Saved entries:
####

(* Let $J\subseteq\mathbb{M}_2$ be a bigraded ideal and $f:\Sigma^{p,q}J\to\mathbb{M}_2$ a nonzero bigraded $\mathbb{M}_2$-module homomorphism. Then exactly one of the following holds: (I) $J$ is of type I and either (i) there are $m,n\ge0$ with $\rho^m\tau^n\in J$ and $f(\rho^m\tau^n)=\rho^a\tau^b$ for some $a\ge m$, $b\ge n$; or (ii) there are $m,n\ge0$ with $\rho^m\tau^n\in J$ and $f(\rho^m\tau^n)=\frac{\theta}{\rho^a\tau^b}$ for some $a,b\ge0$; (II) $J$ is of type II and there are $m,n\ge0$ with $\frac{\theta}{\rho^m\tau^n}\in J$ and $f\big(\frac{\theta}{\rho^m\tau^n}\big)=\frac{\theta}{\rho^a\tau^b}$ for some $0\le a\le m$, $0\le b\le n$.
   Context: $\mathbb{M}_2$ is the bigraded commutative $\mathbb{F}_2$-algebra with $\mathbb{F}_2$-basis the elements $\rho^m\tau^n$ ($m,n\ge0$) in bidegree $(m,m+n)$ and $\frac{\theta}{\rho^m\tau^n}$ ($m,n\ge 0$) in bidegree $(-m,-2-m-n)$; multiplication: $\rho^a\tau^b\cdot\rho^c\tau^d=\rho^{a+c}\tau^{b+d}$, $\rho^a\tau^b\cdot\frac{\theta}{\rho^c\tau^d}=\frac{\theta}{\rho^{c-a}\tau^{d-b}}$ if $a\le c,b\le d$ and $0$ otherwise, and the product of two elements of the form $\frac{\theta}{\rho^c\tau^d}$ is $0$. $\mathbb{M}_2^+$ is the span of the $\rho^m\tau^n$ and $\mathbb{M}_2^-$ the span of the $\frac{\theta}{\rho^m\tau^n}$. A bigraded ideal $J$ is of type I if it is generated by finitely many homogeneous elements of $\mathbb{M}_2^+$ and $J\cap\mathbb{M}_2^-=\mathbb{M}_2^-$, and of type II if $J\cap\mathbb{M}_2^+=0$ (every bigraded ideal is of one of these types). $\Sigma^{p,q}J$ is the shift with $(\Sigma^{p,q}J)^{a,b}=J^{a-p,b-q}$; module maps preserve bidegree. *)

theory Defs
  imports Main
begin

text \<open>Model of M_2: F_2-vector space with basis elements
  P m n  = rho^m tau^n  and  N m n = theta/(rho^m tau^n).
  An element is a finite set of basis elements (F_2 coefficients);
  addition is symmetric difference.\<close>

datatype mbasis = P nat nat | N nat nat

type_synonym m2 = "mbasis set"

definition M2 :: "m2 set" where
  "M2 = {x. finite x}"

fun bmul :: "mbasis \<Rightarrow> mbasis \<Rightarrow> mbasis option" where
  "bmul (P a b) (P c d) = Some (P (a + c) (b + d))"
| "bmul (P a b) (N c d) = (if a \<le> c \<and> b \<le> d then Some (N (c - a) (d - b)) else None)"
| "bmul (N c d) (P a b) = (if a \<le> c \<and> b \<le> d then Some (N (c - a) (d - b)) else None)"
| "bmul (N _ _) (N _ _) = None"

definition madd :: "m2 \<Rightarrow> m2 \<Rightarrow> m2" where
  "madd x y = (x - y) \<union> (y - x)"

definition mmul :: "m2 \<Rightarrow> m2 \<Rightarrow> m2" where
  "mmul x y = {z. odd (card {(u, v). u \<in> x \<and> v \<in> y \<and> bmul u v = Some z})}"

fun bdeg :: "mbasis \<Rightarrow> int \<times> int" where
  "bdeg (P m n) = (int m, int m + int n)"
| "bdeg (N m n) = (- int m, - 2 - int m - int n)"

definition homog :: "int \<times> int \<Rightarrow> m2 \<Rightarrow> bool" where
  "homog d x \<longleftrightarrow> x \<in> M2 \<and> (\<forall>u\<in>x. bdeg u = d)"

definition comp :: "int \<times> int \<Rightarrow> m2 \<Rightarrow> m2" where
  "comp d x = {u \<in> x. bdeg u = d}"

definition Mplus :: "m2 set" where
  "Mplus = {x \<in> M2. \<forall>u\<in>x. \<exists>m n. u = P m n}"

definition Mminus :: "m2 set" where
  "Mminus = {x \<in> M2. \<forall>u\<in>x. \<exists>m n. u = N m n}"

definition m2_ideal :: "m2 set \<Rightarrow> bool" where
  "m2_ideal J \<longleftrightarrow> J \<subseteq> M2 \<and> {} \<in> J \<and> (\<forall>x\<in>J. \<forall>y\<in>J. madd x y \<in> J)
     \<and> (\<forall>r\<in>M2. \<forall>x\<in>J. mmul r x \<in> J)"

definition bigraded_ideal :: "m2 set \<Rightarrow> bool" where
  "bigraded_ideal J \<longleftrightarrow> m2_ideal J \<and> (\<forall>x\<in>J. \<forall>d. comp d x \<in> J)"

definition gen_ideal :: "m2 set \<Rightarrow> m2 set" where
  "gen_ideal G = \<Inter>{I. m2_ideal I \<and> G \<subseteq> I}"

definition typeI :: "m2 set \<Rightarrow> bool" where
  "typeI J \<longleftrightarrow> (\<exists>G. finite G \<and> G \<subseteq> Mplus \<and> (\<forall>g\<in>G. \<exists>d. homog d g)
      \<and> J = gen_ideal G) \<and> J \<inter> Mminus = Mminus"

definition typeII :: "m2 set \<Rightarrow> bool" where
  "typeII J \<longleftrightarrow> J \<inter> Mplus = {{}}"

text \<open>A bigraded M_2-module homomorphism f : Sigma^{p,q} J \<rightarrow> M_2 (only its values
  on J matter). An element of J of bidegree d has bidegree d + (p,q) in Sigma^{p,q} J.\<close>
definition shifted_hom :: "int \<Rightarrow> int \<Rightarrow> m2 set \<Rightarrow> (m2 \<Rightarrow> m2) \<Rightarrow> bool" where
  "shifted_hom p q J f \<longleftrightarrow>
     (\<forall>x\<in>J. f x \<in> M2)
   \<and> (\<forall>x\<in>J. \<forall>y\<in>J. f (madd x y) = madd (f x) (f y))
   \<and> (\<forall>r\<in>M2. \<forall>x\<in>J. f (mmul r x) = mmul r (f x))
   \<and> (\<forall>x\<in>J. \<forall>d. homog d x \<longrightarrow> homog (fst d + p, snd d + q) (f x))"

end

theory Submission
  imports Defs
begin

text \<open>A nonzero homomorphism is nonzero on some basis element \<open>u\<close> of \<open>J\<close> (bigraded ideals are
  spanned by their basis elements), and by degree reasons \<open>f {u}\<close> is a single basis element \<open>v\<close>.
  Module linearity forces every \<open>w\<close> annihilating \<open>u\<close> to annihilate \<open>v\<close>; testing this with the
  \<open>w\<close> that sends \<open>v\<close> to \<open>\<theta>\<close> gives the divisibility constraints on \<open>v\<close>. The type of \<open>J\<close> is
  decided by whether it contains some \<open>\<rho>\<^sup>m\<tau>\<^sup>n\<close>: if so, it is generated by the finitely many
  minimal such monomials and contains all of \<open>\<M>\<^sub>2\<^sup>-\<close>, since every \<open>\<theta>/\<rho>\<^sup>i\<tau>\<^sup>j\<close> is a
  multiple of \<open>\<rho>\<^sup>m\<tau>\<^sup>n\<close>.\<close>

lemma bdeg_inj: "bdeg u = bdeg v \<Longrightarrow> u = v"
  by (cases u; cases v) auto

lemma mmul_singleton: "mmul {u} {v} = (case bmul u v of None \<Rightarrow> {} | Some z \<Rightarrow> {z})"
proof -
  have "{(a, b). a \<in> {u} \<and> b \<in> {v} \<and> bmul a b = Some z} = (if bmul u v = Some z then {(u, v)} else {})"
    for z by auto
  then show ?thesis unfolding mmul_def by (auto split: option.split)
qed

lemma mmul_empty_right [simp]: "mmul r {} = {}"
  unfolding mmul_def by auto

lemma madd_singleton_disjoint: "u \<notin> x \<Longrightarrow> madd {u} x = insert u x"
  by (auto simp: madd_def)

lemma m2_ideal_zero: "m2_ideal {{}}"
  by (simp add: m2_ideal_def M2_def madd_def)

lemma m2_ideal_mult_singleton: "m2_ideal I \<Longrightarrow> x \<in> I \<Longrightarrow> mmul {r} x \<in> I"
  by (simp add: m2_ideal_def M2_def)

lemma m2_ideal_finite_sum:
  assumes "m2_ideal I" "finite x" "\<forall>u\<in>x. {u} \<in> I"
  shows "x \<in> I"
  using assms(2,3)
proof (induction x rule: finite_induct)
  case empty
  then show ?case using assms(1) by (simp add: m2_ideal_def)
next
  case (insert u x)
  then have "madd {u} x \<in> I" using assms(1) by (simp add: m2_ideal_def)
  with insert.hyps show ?case by (simp add: madd_singleton_disjoint)
qed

####

HOW TO COMPLETE THIS TASK:
If a line above holds the string "None", return it as it stands.

RESULT OF THIS EXERCISE:
| "bmul (P a b) (N c d) = (if a \<le> c \<and> b \<le> d then Some (N (c - a) (d - b)) else None)"
| "bmul (N c d) (P a b) = (if a \<le> c \<and> b \<le> d then Some (N (c - a) (d - b)) else None)"
| "bmul (N _ _) (N _ _) = None"
lemma mmul_singleton: "mmul {u} {v} = (case bmul u v of None \<Rightarrow> {} | Some z \<Rightarrow> {z})"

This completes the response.